ChatGPTに自社が出てこないのはなぜか。AI検索時代の集客の基本
AI検索に自社が出てこない原因は、AIが回答の断片として使える構造化された情報がサイトにないことです。SEO対策とAIO(AI検索最適化)は評価軸が異なり、定義文・見出し要約・比較表・一次情報の整備が引用獲得の鍵になります。
AI検索に自社が引用されない最大の理由は、AIが答えを組み立てる素材として使える「構造化された情報」が自社サイトに存在しないからです。SEOで上位を取ることと、AI検索に引用されることは別の課題であり、対策も異なります。
目次
そもそもAI検索とは何か?
従来の検索エンジンと違い、AIが複数ページを横断して読み取り、回答文を直接出力する検索の仕組みです。
AI検索とは、ユーザーの質問に対してWebページを検索・参照しながら、AIが自然な文章で答えを生成・提示するサービスである。
従来の検索エンジンはWebページのURLを順番に並べて表示します。
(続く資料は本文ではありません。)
(* The following two statements are equivalent. (i) For every amphicheiral knot $K$, with Conway polynomial $C(z)$, there is $F\in\mathbb Z_4[z^2]$ with $F^2=C(z)\,C(z^2)\,C(iz)$ in $\mathbb Z_4[z^2]$. (ii) For every amphicheiral knot $K$ and every $i\ge 1$, $pc_{4i}(K)\equiv 0\pmod 2$.
   Context: A knot is amphicheiral if it is isotopic to its mirror image, disregarding string orientation. The Conway polynomial $C(z)$ of a knot lies in $1+z^2\mathbb Z[z^2]$. Define $\exp_{\mathbb Z}\colon x\mathbb Z[[x]]\to 1+x\mathbb Z[[x]]$ by $\exp_{\mathbb Z}\big(\sum_{i\ge1} b_i x^i\big)=\prod_{i\ge 1}(1+(-x)^i)^{b_i}$; it is a bijection taking addition to multiplication, and $\log_{\mathbb Z}$ denotes its inverse. Regarding $C$ as a power series in the variable $x=z^2$, write $\log_{\mathbb Z}(C)=\sum_{i\ge1} pc_{2i}\, z^{2i}$; the integers $pc_{2i}=pc_{2i}(K)$ are knot invariants. The product $C(z)C(z^2)C(iz)$ lies in $\mathbb Z[z^2]$ and is reduced modulo $4$. *)

theory Defs
  imports "HOL-Computational_Algebra.Polynomial" "HOL-Library.Numeral_Type"
begin

definition conway_type :: "int poly \<Rightarrow> bool" where
  "conway_type C \<longleftrightarrow> coeff C 0 = 1 \<and> (\<forall>n. odd n \<longrightarrow> coeff C n = 0)"

definition conway_sq :: "int poly \<Rightarrow> int poly" where
  "conway_sq C = pcompose C [:0, 0, 1:]"

text \<open>C(iz) for an even polynomial C: the coefficient of z^(2k) is multiplied by i^(2k) = (-1)^k.\<close>
definition conway_iz :: "int poly \<Rightarrow> int poly" where
  "conway_iz C = (\<Sum>n\<le>degree C. monom ((if even n then (-1) ^ (n div 2) else 0) * coeff C n) n)"

text \<open>The polynomial C regarded as a polynomial in x = z^2.\<close>
definition conway_x :: "int poly \<Rightarrow> int poly" where
  "conway_x C = (\<Sum>n\<le>degree C. monom (coeff C (2 * n)) n)"

text \<open>exp_Z truncated: positive and negative parts of prod_{i=1..N} (1+(-x)^i)^(b i).\<close>
definition expZ_pos :: "(nat \<Rightarrow> int) \<Rightarrow> nat \<Rightarrow> int poly" where
  "expZ_pos b N = (\<Prod>i\<in>{1..N}. (1 + (- [:0, 1:]) ^ i) ^ nat (b i))"

definition expZ_neg :: "(nat \<Rightarrow> int) \<Rightarrow> nat \<Rightarrow> int poly" where
  "expZ_neg b N = (\<Prod>i\<in>{1..N}. (1 + (- [:0, 1:]) ^ i) ^ nat (- b i))"

text \<open>b is log_Z(c), i.e. exp_Z(sum b_i x^i) = c as power series in x:
  for every N, c * (negative part) agrees with (positive part) up to x^N
  (factors with i > N do not affect coefficients up to x^N).\<close>
definition is_logZ :: "int poly \<Rightarrow> (nat \<Rightarrow> int) \<Rightarrow> bool" where
  "is_logZ c b \<longleftrightarrow> b 0 = 0 \<and>
     (\<forall>N k. k \<le> N \<longrightarrow> coeff (c * expZ_neg b N) k = coeff (expZ_pos b N) k)"

definition logZ :: "int poly \<Rightarrow> nat \<Rightarrow> int" where
  "logZ c = (THE b. is_logZ c b)"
ユーザーはリンクをクリックし、各サイトで情報を探していました。AI検索では、AIが複数のページを横断して読み取り、要点をまとめた回答を直接出力します。ユーザーがサイトを訪問する前に答えが提示されるため、引用元として名前が出るかどうかが集客の分岐点になります。
国内でも、スマートフォンでのGoogle検索にAI Overviewsが順次展開されており(Google公式発表、2024年)、検索行動の変化は中小企業にとっても無視できない状況になっています。
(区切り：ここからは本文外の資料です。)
lemma dense_open_mem_if_levels_cover:
  assumes dense: "dense_open T k D"
    and I: "finite I" "k < card I"
    and G: "\<forall>i\<in>I. tuples_in k (G i) D" "\<forall>i\<in>I. \<forall>v\<in>G i. \<exists>\<tau>\<in>term_nodes R. prefix \<tau> v"
    and \<sigma>s: "length \<sigma>s = k" "distinct \<sigma>s" "set \<sigma>s \<subseteq> term_nodes R"
    and \<sigma>s': "length \<sigma>s' = k" "set \<sigma>s' \<subseteq> T" "\<forall>l<k. prefix (\<sigma>s ! l) (\<sigma>s' ! l)"
    and cover: "\<forall>l<k. \<exists>m. \<forall>i\<in>I - {m}. \<exists>v\<in>G i. prefix v (\<sigma>s' ! l)"
  shows "\<sigma>s' \<in> D"
proof -
  obtain m where m: "\<forall>l<k. \<forall>i\<in>I - {m l}. \<exists>v\<in>G i. prefix v (\<sigma>s' ! l)"
    using cover by metis
  (* pigeonhole: the k coordinates miss at most k of the more than k levels *)
  have "card (m ` {..<k}) < card I" using card_image_le[of "{..<k}" m] I(2) by simp
  then have "\<not> I \<subseteq> m ` {..<k}" using card_mono[of "m ` {..<k}" I] by auto
  then obtain i where i: "i \<in> I" "i \<notin> m ` {..<k}" by blast
  then have "\<forall>l<k. \<exists>v\<in>G i. prefix v (\<sigma>s' ! l)" using m by blast
  then obtain v where v: "\<forall>l<k. v l \<in> G i \<and> prefix (v l) (\<sigma>s' ! l)" by metis
  let ?vs = "map v [0..<k]"
  have "inj_on v {..<k}"
  proof (rule inj_onI)
    fix a b assume ab: "a \<in> {..<k}" "b \<in> {..<k}" "v a = v b"
    obtain \<tau> where \<tau>: "\<tau> \<in> term_nodes R" "prefix \<tau> (v a)" using G(2) i(1) v ab(1) by blast
    have "\<sigma>s ! l = \<tau>" if "l \<in> {a, b}" for l
    proof (rule term_nodes_prefix_unique[OF _ \<tau>(1)])
      show "\<sigma>s ! l \<in> term_nodes R" using that ab \<sigma>s(1,3) by (auto intro: nth_mem)
      show "prefix (\<sigma>s ! l) (\<sigma>s' ! l)" using that ab \<sigma>s'(3) by auto
      show "prefix \<tau> (\<sigma>s' ! l)" using that ab v \<tau>(2) by (auto intro: prefix_order.trans)
    qed
    then have "\<sigma>s ! a = \<sigma>s ! b" by simp
    then show "a = b" using ab(1,2) \<sigma>s(1,2) by (simp add: nth_eq_iff_index_eq)
  qed
  then have "distinct ?vs" by (simp add: distinct_map atLeast0LessThan)
  moreover have "set ?vs \<subseteq> G i" using v by auto
  ultimately have "?vs \<in> D" using G(1) i(1) unfolding tuples_in_def by simp
  moreover have "\<sigma>s' \<in> power_tree T k" using \<sigma>s' unfolding power_tree_def by simp
  moreover have "prod_le \<sigma>s' ?vs" using \<sigma>s'(1) v unfolding prod_le_def by simp
  ultimately show ?thesis by (rule dense_open_upward[OF dense])
qed

locale weighted_fusion =
  fixes T T0 :: "'a list set" and \<rho> :: "'a list \<Rightarrow> 'a list \<Rightarrow> 'a list set"
    and k :: nat and D :: "'a list list set"
  assumes perfect: "perfect_tree T" and weight: "is_weight T \<rho>"
    and T0: "finite_subtree T0 T" and dense: "dense_open T k D"
begin

abbreviation leaves :: "'a list set" where
  "leaves \<equiv> term_nodes T0"

lemma leaves: "finite leaves" "leaves \<subseteq> T" "leaves \<noteq> {}"
proof -
  have T0': "finite T0" "T0 \<subseteq> T" "is_tree T0" using T0 unfolding finite_subtree_def by auto
  have "leaves \<subseteq> T0" unfolding term_nodes_def by auto
  then show "finite leaves" "leaves \<subseteq> T" using T0' by (auto intro: finite_subset)
  obtain t where "t \<in> T0" using T0'(3) unfolding is_tree_def by auto
  then obtain \<sigma> where "\<sigma> \<in> leaves" using ex_term_node_above[OF T0'(1)] by metis
  then show "leaves \<noteq> {}" by blast
qed

definition grow :: "'a list set \<Rightarrow> 'a list \<Rightarrow> 'a list" where
  "grow F = (SOME e. (\<forall>x\<in>F. strict_prefix x (e x) \<and> e x \<in> T) \<and> tuples_in k (e ` F) D)"

lemma grow:
  assumes "finite F" "F \<subseteq> T"
  shows "\<forall>x\<in>F. strict_prefix x (grow F x) \<and> grow F x \<in> T" "tuples_in k (grow F ` F) D"
proof -
  have "\<exists>e. (\<forall>x\<in>F. strict_prefix x (e x) \<and> e x \<in> T) \<and> tuples_in k (e ` F) D"
    using perfect_tree_extend_to_tuples_in[OF perfect dense assms] by metis
  then have "(\<forall>x\<in>F. strict_prefix x (grow F x) \<and> grow F x \<in> T) \<and> tuples_in k (grow F ` F) D"
    unfolding grow_def by (rule someI_ex)
  then show "\<forall>x\<in>F. strict_prefix x (grow F x) \<and> grow F x \<in> T" "tuples_in k (grow F ` F) D"
    by auto
qed

(* stage i = (c_i, G_i, Z_i): c_i s is the i-th node of the rho-path from the leaf s, G_i is the
   i-th frontier and Z_i the set of weight nodes of the edges from c_(i-1) s to c_i s. *)
primrec stage :: "nat \<Rightarrow> ('a list \<Rightarrow> 'a list) \<times> 'a list set \<times> 'a list set" where
  "stage 0 = (id, leaves, {})"
| "stage (Suc i) = (case stage i of (c, G, Z) \<Rightarrow>
     let e = grow (G \<union> Z) in (e \<circ> c, e ` (G \<union> Z), \<Union>\<sigma>\<in>leaves. \<rho> (c \<sigma>) (e (c \<sigma>))))"

definition chain :: "nat \<Rightarrow> 'a list \<Rightarrow> 'a list" where
  "chain i = fst (stage i)"

definition frontier :: "nat \<Rightarrow> 'a list set" where
  "frontier i = fst (snd (stage i))"

definition weights :: "nat \<Rightarrow> 'a list set" where
  "weights i = snd (snd (stage i))"

abbreviation level :: "nat \<Rightarrow> 'a list set" where
  "level i \<equiv> frontier i \<union> weights i"

abbreviation extend :: "nat \<Rightarrow> 'a list \<Rightarrow> 'a list" where
  "extend i \<equiv> grow (level i)"

lemma stage_0: "chain 0 = id" "frontier 0 = leaves" "weights 0 = {}"
  unfolding chain_def frontier_def weights_def by simp_all

lemma stage_Suc:
  "chain (Suc i) = extend i \<circ> chain i"
  "frontier (Suc i) = extend i ` level i"
  "weights (Suc i) = (\<Union>\<sigma>\<in>leaves. \<rho> (chain i \<sigma>) (chain (Suc i) \<sigma>))"
  unfolding chain_def frontier_def weights_def by (simp_all split: prod.split add: Let_def)


lemma chain_in_frontier: "\<sigma> \<in> leaves \<Longrightarrow> chain i \<sigma> \<in> frontier i"
  by (induction i) (auto simp: stage_0 stage_Suc)

lemma level_finite_subset: "finite (level i) \<and> level i \<subseteq> T"
proof (induction i)
  case 0
  show ?case using leaves by (simp add: stage_0)
next
  case (Suc i)
  then have ext: "\<forall>x\<in>level i. strict_prefix x (extend i x) \<and> extend i x \<in> T"
    using grow(1) by blast
  have "finite (\<rho> (chain i \<sigma>) (chain (Suc i) \<sigma>)) \<and> \<rho> (chain i \<sigma>) (chain (Suc i) \<sigma>) \<subseteq> T"
    if "\<sigma> \<in> leaves" for \<sigma>
  proof -
    have "chain i \<sigma> \<in> T" "chain (Suc i) \<sigma> \<in> T"
      using chain_in_frontier[OF that, of i] Suc ext by (auto simp: stage_Suc)
    then show ?thesis using weight unfolding is_weight_def subtree_at_def by blast
  qed
  then show ?case using Suc ext leaves(1) by (auto simp: stage_Suc)
qed

lemma extend:
  assumes "x \<in> level i"
  shows "strict_prefix x (extend i x) \<and> extend i x \<in> T"
proof -
  have "finite (level i)" "level i \<subseteq> T" using level_finite_subset by auto
  from grow(1)[OF this] show ?thesis using assms by blast
qed

lemma frontier_tuples_in: "tuples_in k (frontier (Suc i)) D"
proof -
  have "finite (level i)" "level i \<subseteq> T" using level_finite_subset by auto
  from grow(2)[OF this] show ?thesis by (simp add: stage_Suc)
qed

lemma chain_strict_mono:
  assumes "\<sigma> \<in> leaves" "i < j"
  shows "strict_prefix (chain i \<sigma>) (chain j \<sigma>)"
proof -
  have "\<forall>i<j. strict_prefix (chain i \<sigma>) (chain (Suc i) \<sigma>)"
    using extend chain_in_frontier[OF assms(1)] by (simp add: stage_Suc)
  then show ?thesis using strict_prefix_chain[of j "\<lambda>i. chain i \<sigma>"] assms(2) by blast
qed

lemma chain_mono: "\<sigma> \<in> leaves \<Longrightarrow> i \<le> j \<Longrightarrow> prefix (chain i \<sigma>) (chain j \<sigma>)"
  using chain_strict_mono[of \<sigma> i j] by (cases "i = j") auto

lemma leaf_prefix_chain: "\<sigma> \<in> leaves \<Longrightarrow> prefix \<sigma> (chain i \<sigma>)"
  using chain_mono[of \<sigma> 0 i] by (simp add: stage_0)

lemma weights_SucE:
  assumes "z \<in> weights (Suc i)"
  obtains \<sigma> where "\<sigma> \<in> leaves" "strict_prefix (chain i \<sigma>) z" "z \<parallel> chain (Suc i) \<sigma>"
proof -
  obtain \<sigma> where \<sigma>: "\<sigma> \<in> leaves" "z \<in> \<rho> (chain i \<sigma>) (chain (Suc i) \<sigma>)"
    using assms by (auto simp: stage_Suc)
  have "chain j \<sigma> \<in> T" for j using chain_in_frontier[OF \<sigma>(1)] level_finite_subset by blast
  then show thesis
    using weight_branches_off[OF weight _ _ chain_mono[OF \<sigma>(1)] \<sigma>(2)] that \<sigma>(1) by auto
qed

lemma weights_parallel_chain:
  assumes "z \<in> weights i" "\<sigma> \<in> leaves"
  shows "z \<parallel> chain i \<sigma>"
proof (cases i)
  case 0
  then show ?thesis using assms(1) by (simp add: stage_0)
next
  case (Suc i')
  then obtain \<tau> where \<tau>: "\<tau> \<in> leaves" "strict_prefix (chain i' \<tau>) z" "z \<parallel> chain i \<tau>"
    using assms(1) weights_SucE by metis
  show ?thesis
  proof (cases "\<tau> = \<sigma>")
    case False
    have "prefix \<tau> z" using leaf_prefix_chain[OF \<tau>(1), of i'] \<tau>(2) by (auto simp: strict_prefix_def)
    then show ?thesis using parallel_extensions[OF term_nodes_parallel[OF \<tau>(1) assms(2) False]]
      leaf_prefix_chain[OF assms(2)] by blast
  qed (use \<tau> in simp)
qed

lemma frontier_parallel_chain:
  assumes "v \<in> frontier i" "\<sigma> \<in> leaves"
  shows "v = chain i \<sigma> \<or> v \<parallel> chain i \<sigma>"
  using assms(1)
proof (induction i arbitrary: v)
  case 0
  then show ?case using term_nodes_parallel assms(2) by (auto simp: stage_0)
next
  case (Suc i)
  then obtain x where x: "x \<in> level i" "v = extend i x" by (auto simp: stage_Suc)
  have "x = chain i \<sigma> \<or> x \<parallel> chain i \<sigma>" using Suc.IH weights_parallel_chain x(1) assms(2) by blast
  moreover have "prefix (chain i \<sigma>) (extend i (chain i \<sigma>))"
    using extend chain_in_frontier[OF assms(2)] by (auto simp: strict_prefix_def)
  moreover have "prefix x (extend i x)" using extend[OF x(1)] by (auto simp: strict_prefix_def)
  ultimately show ?case using x(2) parallel_extensions by (auto simp: stage_Suc)
qed

lemma level_above_leaf: "v \<in> level i \<Longrightarrow> \<exists>\<tau>\<in>leaves. prefix \<tau> v"
proof (induction i arbitrary: v)
  case 0
  then show ?case by (auto simp: stage_0)
next
  case (Suc i)
  show ?case
  proof (cases "v \<in> frontier (Suc i)")
    case True
    then obtain x where x: "x \<in> level i" "v = extend i x" by (auto simp: stage_Suc)
    then show ?thesis using Suc.IH extend[OF x(1)] by (meson prefix_order.trans strict_prefix_def)
  next
    case False
    then obtain \<sigma> where "\<sigma> \<in> leaves" "strict_prefix (chain i \<sigma>) v"
      using Suc.prems weights_SucE by blast
    then show ?thesis using leaf_prefix_chain by (meson prefix_order.trans strict_prefix_def)
  qed
qed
なぜSEO対策をしているのにAI検索に出てこないのか?
SEOの上位表示とAI検索への引用は評価軸が異なるため、SEO対策だけではAI検索に出てこないケースが多くあります。
SEOは「どのページが権威あるか」をリンクや滞在時間などのシグナルで判断します。一方、AI検索は「どの文章が質問の答えとして使えるか」を判断します。つまり、AIが文章を抜き出したときに意味が通るかどうかが重要です。
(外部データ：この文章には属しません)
(* Let $G=K\rtimes H$ be a Frobenius group with kernel $K$ and complement $H$, acting on $K$ by $\circ$, and suppose $|H|\neq|K|-1$. Then for any two distinct elements $u,v\in K$, $$|\{z\in K:\ z \text{ separates } u \text{ and } v\}|>|K|/2.$$
   Context: A Frobenius group is a finite group $G$ acting transitively on a finite set such that only the identity has more than one fixed point and some nontrivial element fixes a point; its kernel $K$ (identity plus fixed-point-free elements) is normal and a complement $H$ (a point stabilizer) satisfies $K\cap H=\{1\}$, $G=KH$. The action $\circ$ of $G$ on $K$: for $g=yh$ with $y\in K,h\in H$, $g\circ x=yhxh^{-1}$. For $u\neq v$ in $K$, $z\in K$ separates $u$ and $v$ if $v\circ z\notin H\circ(u\circ z)$, where $H\circ w=\{h\circ w:h\in H\}$. *)

theory Defs
  imports Complex_Main "HOL-Algebra.Group_Action"
begin

definition frobenius_action :: "('a, 'c) monoid_scheme \<Rightarrow> 'b set \<Rightarrow> ('a \<Rightarrow> 'b \<Rightarrow> 'b) \<Rightarrow> bool" where
  "frobenius_action G E \<phi> \<longleftrightarrow>
     transitive_action G E \<phi> \<and> finite (carrier G) \<and> finite E \<and>
     (\<forall>g \<in> carrier G. g \<noteq> \<one>\<^bsub>G\<^esub> \<longrightarrow> card (invariants E \<phi> g) \<le> 1) \<and>
     (\<exists>g \<in> carrier G. g \<noteq> \<one>\<^bsub>G\<^esub> \<and> invariants E \<phi> g \<noteq> {})"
以下の表で、SEOとAI検索最適化(AIO)の違いを整理します。
| 評価軸 | 従来SEO | AI検索最適化(AIO) |
|---|---|---|
| 評価の単位 | ページ全体 | 段落・文単位 |
| 重視される要素 | 被リンク・滞在時間 | 定義文・構造・出典 |
| 結果の表示形式 | リンク一覧 | 引用つきの回答文 |
| 対策の方向性 | ドメイン権威の強化 | 質問に答える文章構造 |
| 効果の確認方法 | 検索順位ツール | AI検索での言及確認 |
SEOで1位を取っているページでも、文章が長い段落にまとめられていたり、結論が文末にしかなかったりすると、AIは答えとして使う断片を見つけられません。逆に、検索順位が高くないページでも、「〜とは○○である」という定義文や、見出し直下にまとめた要約があると引用されやすくなります。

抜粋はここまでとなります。